WHAT IS REQUIRED: A line belongs in the answer if it contains "theory"; copy every such line from the entries below.

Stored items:
====
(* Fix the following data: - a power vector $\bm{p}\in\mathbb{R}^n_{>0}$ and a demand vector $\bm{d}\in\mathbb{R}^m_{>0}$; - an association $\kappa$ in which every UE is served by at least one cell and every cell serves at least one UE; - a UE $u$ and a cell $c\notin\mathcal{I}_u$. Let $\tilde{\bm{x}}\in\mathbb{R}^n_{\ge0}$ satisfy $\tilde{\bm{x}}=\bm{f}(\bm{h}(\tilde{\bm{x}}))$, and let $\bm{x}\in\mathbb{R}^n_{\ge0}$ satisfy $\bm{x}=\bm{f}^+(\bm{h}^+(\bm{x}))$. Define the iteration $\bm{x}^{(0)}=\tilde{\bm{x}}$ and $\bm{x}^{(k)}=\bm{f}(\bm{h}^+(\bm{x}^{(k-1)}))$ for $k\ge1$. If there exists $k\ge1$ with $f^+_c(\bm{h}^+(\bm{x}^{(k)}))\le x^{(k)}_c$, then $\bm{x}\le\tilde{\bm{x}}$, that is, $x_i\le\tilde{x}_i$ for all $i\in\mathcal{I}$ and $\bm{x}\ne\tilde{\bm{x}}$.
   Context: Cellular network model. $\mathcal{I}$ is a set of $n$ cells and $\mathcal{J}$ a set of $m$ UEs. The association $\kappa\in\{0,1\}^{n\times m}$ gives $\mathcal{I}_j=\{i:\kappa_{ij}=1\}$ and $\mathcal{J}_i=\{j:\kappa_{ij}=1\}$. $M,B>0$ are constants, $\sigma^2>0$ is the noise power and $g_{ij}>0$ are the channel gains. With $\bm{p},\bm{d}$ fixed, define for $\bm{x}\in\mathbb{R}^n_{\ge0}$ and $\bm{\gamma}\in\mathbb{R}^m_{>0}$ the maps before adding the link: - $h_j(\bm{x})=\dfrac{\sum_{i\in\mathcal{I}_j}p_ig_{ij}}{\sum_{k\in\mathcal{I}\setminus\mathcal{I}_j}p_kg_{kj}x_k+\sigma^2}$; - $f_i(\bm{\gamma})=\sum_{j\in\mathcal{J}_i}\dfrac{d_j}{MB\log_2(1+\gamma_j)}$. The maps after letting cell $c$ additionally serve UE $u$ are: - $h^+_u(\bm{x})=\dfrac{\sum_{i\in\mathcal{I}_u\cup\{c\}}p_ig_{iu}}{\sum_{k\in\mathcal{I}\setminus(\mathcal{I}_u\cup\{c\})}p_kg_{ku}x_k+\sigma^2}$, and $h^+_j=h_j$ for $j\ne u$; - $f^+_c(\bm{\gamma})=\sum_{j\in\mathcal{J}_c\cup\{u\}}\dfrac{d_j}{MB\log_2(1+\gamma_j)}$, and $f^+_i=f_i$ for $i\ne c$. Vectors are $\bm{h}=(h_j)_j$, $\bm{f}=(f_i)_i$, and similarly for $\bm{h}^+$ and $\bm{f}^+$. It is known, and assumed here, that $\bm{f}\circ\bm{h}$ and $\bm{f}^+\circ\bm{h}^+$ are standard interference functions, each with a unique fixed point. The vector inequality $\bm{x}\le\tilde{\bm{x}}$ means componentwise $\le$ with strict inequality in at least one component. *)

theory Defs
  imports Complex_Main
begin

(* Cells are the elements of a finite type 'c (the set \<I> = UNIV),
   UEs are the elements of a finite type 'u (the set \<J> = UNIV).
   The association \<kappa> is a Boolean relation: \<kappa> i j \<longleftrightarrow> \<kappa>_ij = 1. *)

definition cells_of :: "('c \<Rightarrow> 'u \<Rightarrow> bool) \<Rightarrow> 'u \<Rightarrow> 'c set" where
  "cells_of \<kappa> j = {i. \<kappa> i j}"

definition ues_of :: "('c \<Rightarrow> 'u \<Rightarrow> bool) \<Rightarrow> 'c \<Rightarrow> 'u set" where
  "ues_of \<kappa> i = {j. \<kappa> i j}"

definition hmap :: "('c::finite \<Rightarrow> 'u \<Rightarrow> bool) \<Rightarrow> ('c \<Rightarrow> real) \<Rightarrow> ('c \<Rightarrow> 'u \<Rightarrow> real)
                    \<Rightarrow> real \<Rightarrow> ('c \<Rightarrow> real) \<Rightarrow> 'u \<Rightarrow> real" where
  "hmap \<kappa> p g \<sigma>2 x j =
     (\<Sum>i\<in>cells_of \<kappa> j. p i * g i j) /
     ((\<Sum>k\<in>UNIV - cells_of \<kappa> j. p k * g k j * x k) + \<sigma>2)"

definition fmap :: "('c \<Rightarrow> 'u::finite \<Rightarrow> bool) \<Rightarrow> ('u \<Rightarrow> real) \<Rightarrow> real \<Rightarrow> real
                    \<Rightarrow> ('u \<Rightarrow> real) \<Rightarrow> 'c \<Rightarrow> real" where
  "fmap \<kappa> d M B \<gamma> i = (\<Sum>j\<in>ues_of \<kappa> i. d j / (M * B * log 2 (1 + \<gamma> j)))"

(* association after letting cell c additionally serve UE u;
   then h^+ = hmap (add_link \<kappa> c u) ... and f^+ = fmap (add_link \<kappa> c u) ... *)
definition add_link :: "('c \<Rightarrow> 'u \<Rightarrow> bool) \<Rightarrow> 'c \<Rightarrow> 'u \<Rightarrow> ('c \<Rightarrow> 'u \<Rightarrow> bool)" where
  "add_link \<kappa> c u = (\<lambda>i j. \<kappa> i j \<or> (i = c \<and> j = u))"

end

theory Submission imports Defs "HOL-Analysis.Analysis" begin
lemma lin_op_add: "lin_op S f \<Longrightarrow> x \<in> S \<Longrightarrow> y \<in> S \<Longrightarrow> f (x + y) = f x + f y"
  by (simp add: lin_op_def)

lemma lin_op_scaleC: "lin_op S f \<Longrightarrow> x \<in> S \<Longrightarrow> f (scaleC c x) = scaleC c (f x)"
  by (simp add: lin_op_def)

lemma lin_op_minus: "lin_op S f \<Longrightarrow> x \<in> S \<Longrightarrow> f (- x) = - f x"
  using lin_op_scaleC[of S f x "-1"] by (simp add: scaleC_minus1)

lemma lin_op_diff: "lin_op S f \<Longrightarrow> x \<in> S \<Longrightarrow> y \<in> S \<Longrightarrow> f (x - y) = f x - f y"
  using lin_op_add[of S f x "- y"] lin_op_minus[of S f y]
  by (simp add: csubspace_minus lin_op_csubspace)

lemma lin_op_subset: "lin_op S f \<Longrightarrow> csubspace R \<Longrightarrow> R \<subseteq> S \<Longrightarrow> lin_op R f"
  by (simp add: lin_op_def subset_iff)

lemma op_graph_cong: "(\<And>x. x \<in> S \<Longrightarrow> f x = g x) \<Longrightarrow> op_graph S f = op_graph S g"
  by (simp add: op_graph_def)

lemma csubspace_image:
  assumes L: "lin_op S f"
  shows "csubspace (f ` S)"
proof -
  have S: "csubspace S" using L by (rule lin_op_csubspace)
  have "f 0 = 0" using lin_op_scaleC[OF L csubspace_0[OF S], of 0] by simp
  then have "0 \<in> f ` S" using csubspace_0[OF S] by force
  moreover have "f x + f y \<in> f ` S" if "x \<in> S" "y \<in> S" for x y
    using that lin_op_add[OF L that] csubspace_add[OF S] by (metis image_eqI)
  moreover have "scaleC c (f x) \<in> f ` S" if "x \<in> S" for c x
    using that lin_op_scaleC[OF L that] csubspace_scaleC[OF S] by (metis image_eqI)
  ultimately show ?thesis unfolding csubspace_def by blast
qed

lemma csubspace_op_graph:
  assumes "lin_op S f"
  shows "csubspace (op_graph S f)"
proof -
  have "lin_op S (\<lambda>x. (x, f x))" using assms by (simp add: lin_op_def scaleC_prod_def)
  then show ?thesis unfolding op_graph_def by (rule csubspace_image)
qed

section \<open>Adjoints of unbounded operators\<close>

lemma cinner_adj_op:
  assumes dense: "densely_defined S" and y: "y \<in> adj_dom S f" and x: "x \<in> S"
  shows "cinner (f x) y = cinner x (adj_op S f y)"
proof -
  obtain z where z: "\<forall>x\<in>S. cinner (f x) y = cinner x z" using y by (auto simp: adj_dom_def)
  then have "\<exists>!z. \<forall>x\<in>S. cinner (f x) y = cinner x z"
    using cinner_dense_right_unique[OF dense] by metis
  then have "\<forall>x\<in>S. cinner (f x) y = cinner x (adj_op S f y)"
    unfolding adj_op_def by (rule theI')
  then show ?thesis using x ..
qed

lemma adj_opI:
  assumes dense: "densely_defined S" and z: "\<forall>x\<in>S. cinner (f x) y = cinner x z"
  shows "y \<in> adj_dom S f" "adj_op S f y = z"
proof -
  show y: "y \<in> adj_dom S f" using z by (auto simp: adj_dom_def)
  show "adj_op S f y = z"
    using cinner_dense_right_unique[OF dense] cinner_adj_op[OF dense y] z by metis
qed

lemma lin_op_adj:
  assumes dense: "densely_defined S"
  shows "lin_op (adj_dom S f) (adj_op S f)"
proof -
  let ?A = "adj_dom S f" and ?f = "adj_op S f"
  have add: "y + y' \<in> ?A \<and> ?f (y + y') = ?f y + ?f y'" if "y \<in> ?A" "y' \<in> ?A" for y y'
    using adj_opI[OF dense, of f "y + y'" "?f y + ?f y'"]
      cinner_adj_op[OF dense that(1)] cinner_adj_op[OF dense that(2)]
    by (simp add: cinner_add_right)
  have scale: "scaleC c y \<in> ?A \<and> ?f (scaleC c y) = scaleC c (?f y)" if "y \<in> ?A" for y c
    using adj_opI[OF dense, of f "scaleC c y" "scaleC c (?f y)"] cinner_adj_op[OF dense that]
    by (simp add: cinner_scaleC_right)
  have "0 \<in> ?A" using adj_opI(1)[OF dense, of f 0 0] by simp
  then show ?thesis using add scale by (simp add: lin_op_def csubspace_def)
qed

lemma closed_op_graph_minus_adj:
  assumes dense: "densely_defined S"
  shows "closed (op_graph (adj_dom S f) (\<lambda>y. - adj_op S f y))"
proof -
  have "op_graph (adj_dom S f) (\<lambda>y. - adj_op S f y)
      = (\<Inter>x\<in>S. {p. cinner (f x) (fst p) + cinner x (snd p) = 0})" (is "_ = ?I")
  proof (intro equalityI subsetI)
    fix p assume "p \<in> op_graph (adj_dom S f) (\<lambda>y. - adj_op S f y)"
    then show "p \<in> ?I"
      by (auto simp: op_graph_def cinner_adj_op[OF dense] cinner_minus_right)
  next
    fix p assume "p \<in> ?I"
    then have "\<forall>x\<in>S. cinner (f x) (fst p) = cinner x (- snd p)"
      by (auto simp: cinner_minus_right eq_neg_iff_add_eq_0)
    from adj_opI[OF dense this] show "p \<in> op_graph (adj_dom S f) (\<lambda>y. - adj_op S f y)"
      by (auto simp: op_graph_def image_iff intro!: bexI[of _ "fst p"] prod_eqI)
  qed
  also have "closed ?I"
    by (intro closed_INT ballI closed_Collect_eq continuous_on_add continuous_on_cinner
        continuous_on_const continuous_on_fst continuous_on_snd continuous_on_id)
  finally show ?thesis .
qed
====
RESPONSE TO THE EXERCISE:
theory Defs
theory Submission imports Defs "HOL-Analysis.Analysis" begin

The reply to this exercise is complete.